SUPREME COURTS TAKE ON PEGASUS

There were several writ petitions submitted to the Indian Supreme Court. In Manohar Lal Sharma v. Union of India & Ors14, the court took the issue under examination. The case in question was considered by a three-judge panel that included Chief Justice of India N. V. Ramana, Justice Hima Kohli, and Justice Surya Kant. During the hearing, the Supreme Court gave their justifications for accepting the case.

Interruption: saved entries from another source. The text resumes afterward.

definition inner_l2 :: "vec \<Rightarrow> vec \<Rightarrow> complex" where
  "inner_l2 x y = (\<Sum>k. x k * cnj (y k))"

definition conv_l2 :: "(nat \<Rightarrow> vec) \<Rightarrow> vec \<Rightarrow> bool" where
  "conv_l2 xs x \<longleftrightarrow> (\<lambda>n. \<Sum>k. (cmod (xs n k - x k))^2) \<longlonglongrightarrow> 0"

definition poly_Bp :: "nat \<Rightarrow> vec \<Rightarrow> bool" where
  "poly_Bp p x \<longleftrightarrow> finite {k. x k \<noteq> 0} \<and> (\<forall>k<p. x k = 0)"

text \<open>Matrix coefficients: H e_k = cminus k e_(k-m) + cplus k e_(k+m).\<close>
definition cplus :: "nat \<Rightarrow> nat \<Rightarrow> nat \<Rightarrow> real" where
  "cplus p m k = (if p \<le> k then sqrt (fact k * fact (k + m)) / fact (k - p) else 0)"

definition cminus :: "nat \<Rightarrow> nat \<Rightarrow> nat \<Rightarrow> real" where
  "cminus p m k = (if p + m \<le> k then sqrt (fact k * fact (k - m)) / fact (k - p - m) else 0)"

definition Hpm :: "nat \<Rightarrow> nat \<Rightarrow> vec \<Rightarrow> vec" where
  "Hpm p m x = (\<lambda>j. of_real (cminus p m (j + m)) * x (j + m)
                  + (if m \<le> j then of_real (cplus p m (j - m)) * x (j - m) else 0))"

text \<open>Operators are represented by their graphs, subsets of B_p x B_p.
  The minimal operator is the closure of the graph of H restricted to polynomials.\<close>
definition Hmin :: "nat \<Rightarrow> nat \<Rightarrow> (vec \<times> vec) set" where
  "Hmin p m = {(x, y). x \<in> Bp p \<and> y \<in> Bp p \<and>
     (\<exists>xs. (\<forall>n. poly_Bp p (xs n)) \<and> conv_l2 xs x \<and> conv_l2 (\<lambda>n. Hpm p m (xs n)) y)}"

definition op_dom :: "(vec \<times> vec) set \<Rightarrow> vec set" where
  "op_dom G = fst ` G"

definition is_operator :: "nat \<Rightarrow> (vec \<times> vec) set \<Rightarrow> bool" where
  "is_operator p G \<longleftrightarrow> G \<subseteq> Bp p \<times> Bp p \<and> (\<forall>x y y'. (x, y) \<in> G \<longrightarrow> (x, y') \<in> G \<longrightarrow> y = y')"

definition densely_defined :: "nat \<Rightarrow> (vec \<times> vec) set \<Rightarrow> bool" where
  "densely_defined p G \<longleftrightarrow> (\<forall>x\<in>Bp p. \<exists>xs. (\<forall>n. xs n \<in> op_dom G) \<and> conv_l2 xs x)"

definition closed_op :: "nat \<Rightarrow> (vec \<times> vec) set \<Rightarrow> bool" where
  "closed_op p G \<longleftrightarrow> (\<forall>xs ys x y. (\<forall>n. (xs n, ys n) \<in> G) \<and> x \<in> Bp p \<and> y \<in> Bp p
      \<and> conv_l2 xs x \<and> conv_l2 ys y \<longrightarrow> (x, y) \<in> G)"

definition symmetric_op :: "nat \<Rightarrow> (vec \<times> vec) set \<Rightarrow> bool" where
  "symmetric_op p G \<longleftrightarrow> is_operator p G \<and> densely_defined p G \<and>
     (\<forall>(x, u)\<in>G. \<forall>(y, v)\<in>G. inner_l2 u y = inner_l2 x v)"

definition adjoint_op :: "nat \<Rightarrow> (vec \<times> vec) set \<Rightarrow> (vec \<times> vec) set" where
  "adjoint_op p G = {(y, z). y \<in> Bp p \<and> z \<in> Bp p \<and>
      (\<forall>(x, w)\<in>G. inner_l2 w y = inner_l2 x z)}"

definition eig_space :: "(vec \<times> vec) set \<Rightarrow> complex \<Rightarrow> vec set" where
  "eig_space G lam = {y. (y, (\<lambda>k. lam * y k)) \<in> G}"

definition has_dim :: "vec set \<Rightarrow> nat \<Rightarrow> bool" where
  "has_dim S d \<longleftrightarrow> (\<exists>v :: nat \<Rightarrow> vec.
      (\<forall>j<d. v j \<in> S) \<and>
      (\<forall>c :: nat \<Rightarrow> complex. (\<forall>k. (\<Sum>j<d. c j * v j k) = 0) \<longrightarrow> (\<forall>j<d. c j = 0)) \<and>
      (\<forall>y\<in>S. \<exists>c :: nat \<Rightarrow> complex. y = (\<lambda>k. \<Sum>j<d. c j * v j k)))"

definition deficiency_plus :: "nat \<Rightarrow> (vec \<times> vec) set \<Rightarrow> nat \<Rightarrow> bool" where
  "deficiency_plus p G d \<longleftrightarrow> has_dim (eig_space (adjoint_op p G) \<i>) d"

definition deficiency_minus :: "nat \<Rightarrow> (vec \<times> vec) set \<Rightarrow> nat \<Rightarrow> bool" where
  "deficiency_minus p G d \<longleftrightarrow> has_dim (eig_space (adjoint_op p G) (- \<i>)) d"

end

theory Submission
  imports Defs "HOL-Analysis.Summation_Tests"
begin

The court was moved to take the case under consideration by the reports from Citizen Lab and other credible news organizations around the world, as well as the responses from international governments and legal institutions. Some of the plaintiffs who filed these writ petitions with the court claimed to be direct victims of the Pegasus spyware attack, while other applicants were Public Interest Litigants. So, in order to establish the legitimacy of the process, the majority of the petitioners asked for thorough investigations into the claims.

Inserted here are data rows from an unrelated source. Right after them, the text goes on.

(* Let $R>0$ and $N\ge 1$ an integer. Let $$f_{\mathrm{CI}}(r)=\begin{cases}\frac{4r}{\pi R^2}\cos^{-1}\!\left(\frac{r}{2R}\right)-\frac{2r^2}{\pi R^4}\sqrt{R^2-\tfrac14 r^2}, & 0\le r\le 2R,\\ 0, & r>2R,\end{cases}$$ be the density of the distance between two independent uniformly distributed points in a disk of radius $R$, and let $$\Psi(r)=\frac{1}{\pi}\Big(4\csc^{-1}\!\left(\tfrac{2R}{r}\right)+2\left(\tfrac{r}{R}\right)^2\sec^{-1}\!\left(\tfrac{2R}{r}\right)-2\tan^{-1}\!\left(\tfrac{r}{\sqrt{4R^2-r^2}}\right)-\tfrac{r(r^2+2R^2)\sqrt{4R^2-r^2}}{4R^4}\Big),\quad 0<r<2R.$$ Suppose a device has $N$ aggregators whose distances $R_1,\dots,R_N$ to the device are i.i.d. with density $f_{\mathrm{CI}}$, and the device connects to the nearest one, at distance $r=\min_i R_i$. Let $\hat P_o>0$, $P_{\max}>0$, $P_{\mathrm{CP}}\ge0$, $\eta>0$, $\epsilon\in(0,1]$, $\alpha_{\mathrm g}>0$; the transmit power is $P_T=\min\{\hat P_o r^{\epsilon\alpha_{\mathrm g}},P_{\max}\}$ and $P_{\mathrm{TX}}=P_{\mathrm{CP}}+\eta^{-1}P_T$. Then $$\mathbb{E}[P_{\mathrm{TX}}]=P_{\mathrm{CP}}+\eta^{-1}N\Big(P_{\max}\int_{\zeta_{\mathrm{CI}}}^{2R}f_{\mathrm{CI}}(r)(1-\Psi(r))^{N-1}dr+\hat P_o\int_0^{\zeta_{\mathrm{CI}}}r^{\epsilon\alpha_{\mathrm g}}f_{\mathrm{CI}}(r)(1-\Psi(r))^{N-1}dr\Big),$$ where $\zeta_{\mathrm{CI}}=\min\{2R,(P_{\max}/\hat P_o)^{1/(\epsilon\alpha_{\mathrm g})}\}$. Moreover, for $L_o>0$, $\mu>0$, path loss $l(r)=L_o r^{\alpha_{\mathrm g}}$ and $\hat\mu=\mu/L_o$, $$\mathbb{P}(l(r)\le\mu)=N\int_0^{\min\{\hat\mu^{1/\alpha_{\mathrm g}},2R\}}f_{\mathrm{CI}}(r)(1-\Psi(r))^{N-1}dr,$$ which for $N=1$ equals $\min\{\Psi(\min\{\hat\mu^{1/\alpha_{\mathrm g}},2R\}),1\}$.
   Context: "Cluster-interior deployment": devices are uniformly distributed in a disk of radius $R$ and $N$ terrestrial aggregators are placed uniformly at random in the same disk; each device connects to its nearest aggregator. The path loss at distance $r$ is $L_o r^{\alpha_{\mathrm g}}$. Devices use fractional power control with factor $\epsilon$, open-loop constant $\hat P_o$ and maximum transmit power $P_{\max}$; $P_{\mathrm{CP}}$ is the circuit power and $\eta$ the power amplifier efficiency. The IoT coverage at maximum coupling loss $\mu$ (linear) is the probability that the path loss is at most $\mu$. *)

theory Defs
  imports "HOL-Probability.Probability"
begin

definition arccsc :: "real \<Rightarrow> real" where "arccsc x = arcsin (1 / x)"
definition arcsec :: "real \<Rightarrow> real" where "arcsec x = arccos (1 / x)"

definition f_CI :: "real \<Rightarrow> real \<Rightarrow> real" where
  "f_CI R r = (if 0 \<le> r \<and> r \<le> 2 * R then
      4 * r / (pi * R^2) * arccos (r / (2 * R))
      - 2 * r^2 / (pi * R^4) * sqrt (R^2 - r^2 / 4)
    else 0)"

The right to privacy of citizens, freedom of the press, and restrictions on the administration’s use of national defence as a protective layer to obstruct disclosure of information are the three main essentials emphasized by the Supreme Court. The Union of India may refuse to disclose information by asserting national security or other specific exemptions under a certain act, the court ruled, but they must produce evidence to support their decision. It has established seven criteria of inquiry for the committee, including who bought Pegasus and whether the plaintiffs in the case were actually targeted by the program, among other things.

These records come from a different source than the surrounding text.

(* Let $Q_4$ be the edge graph of the $4$-dimensional hypercube (vertices $\{0,1\}^4$, two vertices adjacent iff they differ in exactly one coordinate). Up to a permutation of the colours (simultaneous permutation of rows and columns of the colour adjacency matrix), the colour adjacency matrices of perfect $2$-colourings of $Q_4$ are exactly the five matrices \[ \begin{pmatrix} 0 & 4 \\ 4 & 0 \end{pmatrix}, \begin{pmatrix} 1 & 3 \\ 1 & 3 \end{pmatrix}, \begin{pmatrix} 1 & 3 \\ 3 & 1 \end{pmatrix}, \begin{pmatrix} 2 & 2 \\ 2 & 2 \end{pmatrix}, \begin{pmatrix} 3 & 1 \\ 1 & 3 \end{pmatrix}, \] and the colour adjacency matrices of perfect $3$-colourings of $Q_4$ are exactly the five matrices \[ \begin{pmatrix} 0 & 0 & 4 \\ 0 & 0 & 4 \\ 1 & 3 & 0 \end{pmatrix}, \begin{pmatrix} 0 & 0 & 4 \\ 0 & 0 & 4 \\ 2 & 2 & 0 \end{pmatrix}, \begin{pmatrix} 0 & 2 & 2 \\ 2 & 0 & 2 \\ 1 & 1 & 2 \end{pmatrix}, \begin{pmatrix} 1 & 1 & 2 \\ 1 & 1 & 2 \\ 1 & 1 & 2 \end{pmatrix}, \begin{pmatrix} 2 & 0 & 2 \\ 0 & 2 & 2 \\ 1 & 1 & 2 \end{pmatrix}. \] In particular each of these matrices is realized by some perfect colouring of $Q_4$.
   Context: An $m$-colouring of a graph $G=(V,E)$ is a partition of $V$ into $m$ disjoint nonempty sets $V_1,\dots,V_m$ (the colours; adjacent vertices may have the same colour). It is perfect if for all $i,j$ every vertex of colour $i$ has the same number $a_{ij}$ of neighbours of colour $j$; the matrix $A=(a_{ij})$ is its colour adjacency matrix. Relabelling colours by a permutation $\sigma$ replaces $A$ by $(a_{\sigma(i)\sigma(j)})$. *)

theory Defs
  imports Main "HOL-Combinatorics.Permutations"
begin

definition Q4_V :: "bool list set" where
  "Q4_V = {v. length v = 4}"

definition Q4_adj :: "bool list \<Rightarrow> bool list \<Rightarrow> bool" where
  "Q4_adj u v \<longleftrightarrow> card {i. i < 4 \<and> u ! i \<noteq> v ! i} = 1"

text \<open>An m-colouring of (V,E) is given by a colour map c : V -> {0..<m} that is onto
  (so the colour classes V_i = c^-1(i) form a partition of V into m nonempty sets).\<close>

definition is_colouring :: "'v set \<Rightarrow> nat \<Rightarrow> ('v \<Rightarrow> nat) \<Rightarrow> bool" where
  "is_colouring V m c \<longleftrightarrow> c ` V = {..<m}"

definition perfect_colouring ::
  "'v set \<Rightarrow> ('v \<Rightarrow> 'v \<Rightarrow> bool) \<Rightarrow> nat \<Rightarrow> ('v \<Rightarrow> nat) \<Rightarrow> (nat \<Rightarrow> nat \<Rightarrow> nat) \<Rightarrow> bool" where
  "perfect_colouring V E m c A \<longleftrightarrow> is_colouring V m c \<and>
     (\<forall>i<m. \<forall>j<m. \<forall>v\<in>V. c v = i \<longrightarrow> card {w\<in>V. E v w \<and> c w = j} = A i j)"

definition mat_of :: "nat list list \<Rightarrow> nat \<Rightarrow> nat \<Rightarrow> nat" where
  "mat_of rows i j = rows ! i ! j"

definition equiv_up_to_perm :: "nat \<Rightarrow> (nat \<Rightarrow> nat \<Rightarrow> nat) \<Rightarrow> (nat \<Rightarrow> nat \<Rightarrow> nat) \<Rightarrow> bool" where
  "equiv_up_to_perm m A M \<longleftrightarrow>
     (\<exists>\<sigma>. \<sigma> permutes {..<m} \<and> (\<forall>i<m. \<forall>j<m. A (\<sigma> i) (\<sigma> j) = M i j))"

end

theory Submission
  imports Defs
begin

(* A perfect colouring of Q4 with colour matrix A forces four properties of A. Its rows sum to
   the degree 4. The class sizes n_i are positive, add up to 16 and satisfy n_i a_ij = n_j a_ji,
   both sides counting the edges between classes i and j. The entries of A^2 are even, since
   (A^2)_ij counts the walks of length 2 from a fixed vertex of colour i into class j and any two
   vertices of Q4 have an even number of common neighbours. No proper nonempty set of colours is
   closed under a_ij > 0, since Q4 is connected. An exhaustive search over all 2 x 2 and 3 x 3
   matrices with row sums 4 shows that, up to relabelling the colours, only the listed matrices
   have these properties, and explicit colourings realise each of them. *)

section \<open>Perfect colourings of finite graphs\<close>

lemma card_filter_eq_sum_of_bool: "finite A \<Longrightarrow> card {x\<in>A. P x} = (\<Sum>x\<in>A. of_bool (P x))"
  by (simp add: Int_def)

context
  fixes V E m c A
  assumes perfect: "perfect_colouring V E m c A"
begin

lemma perfect_colouring_image: "c ` V = {..<m}"
  using perfect by (simp add: perfect_colouring_def is_colouring_def)

lemma perfect_colouring_colour_less: "v \<in> V \<Longrightarrow> c v < m"
  using perfect_colouring_image by blast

12. Maneka Gandhi v. Union of India.,(1978) 1 SCC 248.

13. Kharak Singh v. State of U.P. & Ors.,(1963) AIR 1295 SC.

14. Manohar Lal Sharma v. Union of India & Ors., W.P (civil) 314 of 2021.
 

COMMITTEE REPORT

The report of the technical committee is separated into three parts. The first section of the report includes publicly accessible research data concerning various types of spyware and how they operate. The second half of the report addresses the results from the 29 mobile phones that were provided to it for analysis. The committee’s findings and recommendations are presented in the third section. The technical committee claims in the third section that there is insufficient proof that the malware discovered in five of the mobile phones belongs to Pegasus.

SUGGESTIONS

Firstly, it is important to launch an impartial public inquiry to unbiasedly look into these accusations and restore public confidence. Second, establishing judicial oversight of surveillance is necessary to uphold the objective of due process of law. Only the judiciary may decide on such situations because of the seriousness of the situation. Third, A stringent data protection law is required to safeguard each person’s right to privacy, including shielding it from government surveillance and unauthorized data collecting. Fourthly, A decision to forbid the use of private spyware would be a positive development.

CONCLUSION

The government is the highest authority in a nation. People rely on their elected officials to protect their freedoms and rights. The state ought to be the very last organization to spy on a person. But as a result of recent instances of state invasion of privacy there is a perception that India’s democracy is in danger. The judiciary has made some helpful remarks, but not enough. Although it is somewhat apparent that data interception on some suspicious individuals is required and helpful for national security purposes to prevent violence, there must be some precautions and strict rules in place to guarantee that the state does not abuse this position. Now, the government must demonstrate its innocence and there is primary duty to enact legislation on data protection.

G. BHARGAVI,

(6th SEMESTER) III YEAR BA.LLB,

DAMODARAM SANJIVAYYA NATIONAL LAW UNIVERSITY, VISAKHAPATNAM.